▶ [WHAT YOU SHOULD DO] Every line of the entries below that mentions "bool" is to be copied out.
Start of ENTRIES PROVIDED
(* Let $n,K\ge1$, $\varepsilon>0$, $\Delta^{\inf}\in\mathbb{R}$, $c\ge0$ (playing the role of $f(x^0)-f^{\inf}$), ${\bf L}\in\mathbb{S}^d_{++}$, ${\bf L}_1,\dots,{\bf L}_n\in\mathbb{S}^d_{++}$, and let ${\bf S}_1,\dots,{\bf S}_n$ be random matrices in $\mathbb{S}^d_+$ with $\mathbb{E}[{\bf S}_i]={\bf I}_d$ and finite second moments. For ${\bf D}\in\mathbb{S}^d_{++}$ let $\lambda_{{\bf D}}:=\max_i\lambda_{\max}\big(\mathbb{E}[{\bf L}_i^{1/2}({\bf S}_i-{\bf I}_d){\bf D}{\bf L}{\bf D}({\bf S}_i-{\bf I}_d){\bf L}_i^{1/2}]\big)$. Then the set of ${\bf D}\in\mathbb{S}^d_{++}$ satisfying $${\bf D}{\bf L}{\bf D}\preceq{\bf D},\qquad\lambda_{{\bf D}}\le\frac nK,\qquad 4\Delta^{\inf}\lambda_{{\bf D}}\le n\varepsilon^2\det({\bf D})^{1/d},\qquad K\ge\frac{12c}{\det({\bf D})^{1/d}\varepsilon^2}$$ is convex.
   Context: $\mathbb{S}^d_{+}$/$\mathbb{S}^d_{++}$: symmetric positive semidefinite/definite $d\times d$ matrices; $\preceq$ is the Loewner order; $\lambda_{\max}$ is the largest eigenvalue. *)

theory Defs
  imports "HOL-Probability.Probability"
begin

definition sym_mat :: "real^'n^'n \<Rightarrow> bool" where
  "sym_mat A \<longleftrightarrow> transpose A = A"

definition psd_mat :: "real^'n^'n \<Rightarrow> bool" where
  "psd_mat A \<longleftrightarrow> sym_mat A \<and> (\<forall>x. 0 \<le> x \<bullet> (A *v x))"

definition pd_mat :: "real^'n^'n \<Rightarrow> bool" where
  "pd_mat A \<longleftrightarrow> sym_mat A \<and> (\<forall>x. x \<noteq> 0 \<longrightarrow> 0 < x \<bullet> (A *v x))"

definition loewner_le :: "real^'n^'n \<Rightarrow> real^'n^'n \<Rightarrow> bool" where
  "loewner_le A B \<longleftrightarrow> psd_mat (B - A)"

definition mat_sqrt :: "real^'n^'n \<Rightarrow> real^'n^'n" where
  "mat_sqrt A = (THE B. psd_mat B \<and> B ** B = A)"

definition lambda_max :: "real^'n^'n \<Rightarrow> real" where
  "lambda_max A = Max {l. \<exists>v. v \<noteq> 0 \<and> A *v v = l *s v}"

definition mat_expect :: "'w measure \<Rightarrow> ('w \<Rightarrow> real^'n^'m) \<Rightarrow> real^'n^'m" where
  "mat_expect M X = (\<chi> i j. integral\<^sup>L M (\<lambda>w. X w $ i $ j))"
End of ENTRIES PROVIDED
▶ [REPLY TO THE EXERCISE]
definition sym_mat :: "real^'n^'n \<Rightarrow> bool" where
definition psd_mat :: "real^'n^'n \<Rightarrow> bool" where
definition pd_mat :: "real^'n^'n \<Rightarrow> bool" where
definition loewner_le :: "real^'n^'n \<Rightarrow> real^'n^'n \<Rightarrow> bool" where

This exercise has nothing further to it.